The following month, the list was abandoned, the jail sentence reduced to 12 months and the definition of glorification tightened up so it was necessary to prove the intention was to incite further acts of terror.

Even in its revised form, the offence did not get through the Lords when the upper chamber revised the legislation. Today, the government is attempting to win a vote that would reverse that decision and restore it to the bill.

WHAT ARE THE ARGUMENTS?

In the Lords debate, the Home Office minister, Baroness Scotland of Asthal, told peers the government did not believe it "acceptable that people should be allowed to make statements which glorify terrorism".

She said ministers believed such statements made it "more likely their audience will themselves commit acts of terrorism".

Those who oppose the proposed offence argue that existing laws are already used to prosecute individuals such as Abu Hamza, who would appear to be targets of the glorification charge.

WHAT IS THE ALTERNATIVE TO GLORIFICATION?

In striking down glorification, the Lords proposed an offence of "describing terrorism in a way that would encourage people to emulate it".

The Tories accuse Downing Street of manufacturing a "bogus" spat over the issue in order to make the prime minister look tougher on terror than his opponents. Dominic Grieve, the shadow attorney general, said the alternative wording proposed by the Lords actually made the legislation tighter.

The home secretary, Charles Clarke, said the Lords amendment referred only to words which might lead a listener to emulate terrorism, meaning placards and images such as those carried on the anti-cartoon protests in London would not be covered. He said amendment would allow the glorification of terrorism "with impunity".

WHAT ABOUT FREE SPEECH?

When the bill was first proposed, there were fears the offence of glorification risked criminalising such figures as the Irish taoiseach, Bertie Ahern, when he commemorated the 1916 Easter Rising.

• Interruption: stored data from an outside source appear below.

lemma injective_mod_extend:
  fixes X :: "('b::ring_1, 'x) bmod" and Y :: "('b, 'y) bmod"
    and eX :: "'x \<Rightarrow> 'u" and eY :: "'y \<Rightarrow> 'u"
  assumes E: "injective_mod TYPE('u) E" and eX: "inj eX" and eY: "inj eY"
    and X: "bmodule X" and Y: "bmodule Y"
    and i: "bhom X Y i" "inj_on i (carrier X)" and f: "bhom X E f"
  obtains h where "bhom Y E h" "\<And>x. x \<in> carrier X \<Longrightarrow> h (i x) = f x"
proof -
  let ?i = "\<lambda>x. eY (i (inv eX x))"
  have i': "bhom (transport_bmod eX X) (transport_bmod eY Y) ?i"
    by (rule bhom_comp[OF bhom_from_transport_bmod[OF eX X] bhom_comp[OF i(1) bhom_into_transport_bmod[OF eY Y]]])
  have i'_inj: "inj_on ?i (carrier (transport_bmod eX X))"
  proof (rule inj_onI)
    fix x y
    assume "x \<in> carrier (transport_bmod eX X)" "y \<in> carrier (transport_bmod eX X)" "?i x = ?i y"
    then show "x = y"
      using eX eY i(2) by (auto simp: transport_bmod_simps inj_eq dest: inj_onD)
  qed
  have f': "bhom (transport_bmod eX X) E (\<lambda>x. f (inv eX x))"
    by (rule bhom_comp[OF bhom_from_transport_bmod[OF eX X] f])
  obtain h where h: "bhom (transport_bmod eY Y) E h"
      "\<And>x. x \<in> carrier (transport_bmod eX X) \<Longrightarrow> h (?i x) = f (inv eX x)"
    using E[unfolded injective_mod_def, rule_format, OF conjI[OF bmodule_transport_bmod[OF eX X]
        conjI[OF bmodule_transport_bmod[OF eY Y] conjI[OF i' conjI[OF i'_inj f']]]]]
    by blast
  show thesis
  proof
    show "bhom Y E (\<lambda>y. h (eY y))"
      by (rule bhom_comp[OF bhom_into_transport_bmod[OF eY Y] h(1)])
    show "h (eY (i x)) = f x" if "x \<in> carrier X" for x
      using h(2)[of "eX x"] that eX by (simp add: transport_bmod_simps inv_f_f)
  qed
qed
definition arsinh_p_approx :: "real \<Rightarrow> real \<Rightarrow> real \<Rightarrow> real" where
  "arsinh_p_approx p c y = y * (1 + y powr p) powr (-1 / p) * (1 + c * ln (1 + y powr p))"

definition artanh_p_approx :: "real \<Rightarrow> real \<Rightarrow> real \<Rightarrow> real" where
  "artanh_p_approx p c y = y * (1 - c * ln (1 - y powr p))"

lemma continuous_on_powr_const:
  fixes p :: real
  assumes "p > 0"
  shows "continuous_on {0..x} (\<lambda>y. y powr p)"
  using assms by (intro continuous_on_powr') (auto intro: continuous_intros)

lemma continuous_on_arsinh_p_integrand:
  fixes p :: real
  assumes "p > 0"
  shows "continuous_on {0..x} (\<lambda>y. (1 + y powr p) powr (-1 / p))"
  using assms by (intro continuous_on_powr' continuous_on_add continuous_on_const
      continuous_on_powr_const) (auto simp: add_pos_nonneg less_imp_neq[symmetric])

lemma continuous_on_arsinh_p_approx:
  fixes p :: real
  assumes "p > 0"
  shows "continuous_on {0..x} (arsinh_p_approx p c)"
proof -
  have "continuous_on {0..x} (\<lambda>y. ln (1 + y powr p))"
    using assms by (intro continuous_on_ln continuous_intros continuous_on_powr_const)
      (auto simp: add_pos_nonneg less_imp_neq[symmetric])
  then show ?thesis
    unfolding arsinh_p_approx_def[abs_def] using continuous_on_arsinh_p_integrand[OF assms]
    by (intro continuous_on_mult continuous_on_add continuous_on_const continuous_on_id)
qed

In the Lords debate, Baroness Scotland made it clear that, under the revised form of the bill then under consideration, prosecutions would proceed only when it could be shown a suspect clearly intended that terrorist acts should be emulated.

Mr Clarke received unexpected support in this area today when the organisation representing university vice-chancellors said they were satisfied ministers had met their concerns about the section on intent.

Universities and academic unions had feared a history lecturer who quoted statements by revolutionaries or a politics class shown an Osama bin Laden video could face jail for glorifying terrorism.

The most common challenge to glorification (not entirely sidestepped by the sections on intent) is where it would leave the supporters of a figure such as Nelson Mandela and the ANC's struggle against apartheid-era South Africa, which used violence.

Geoffrey Bindman, a leading human rights lawyer, told the BBC's Today programme that the law could become a "dangerous inroad on freedom of speech" if it was used against people who said it could be necessary to use violence against a repressive regime.

WHAT ARE THE EXISTING LAWS

The laws currently available to prosecutors come from a number of acts. Hamza's conviction included four charges brought under the Public Order Act 1986 of "using threatening, abusive or insulting words or behaviour with the intention of stirring up racial hatred".

The first conviction of a Muslim preacher - that of Abdullah el-Faisal in 2003 - was also first use of the 1861 Offences Against the Person Act for soliciting murder without a specific victim (he called for the killing of Jews, Hindus, Americans and non-believers).

Existing terror laws - those of 2000 and 2001, which the current bill replaces - do not deal with such soliciting or incitement.

Hamza's sole charge under the Terrorism Act was for the possession of a document, the Encyclopaedia of the Afghani Jihad, containing information "of a kind likely to be useful to a person committing or preparing an act of terrorism".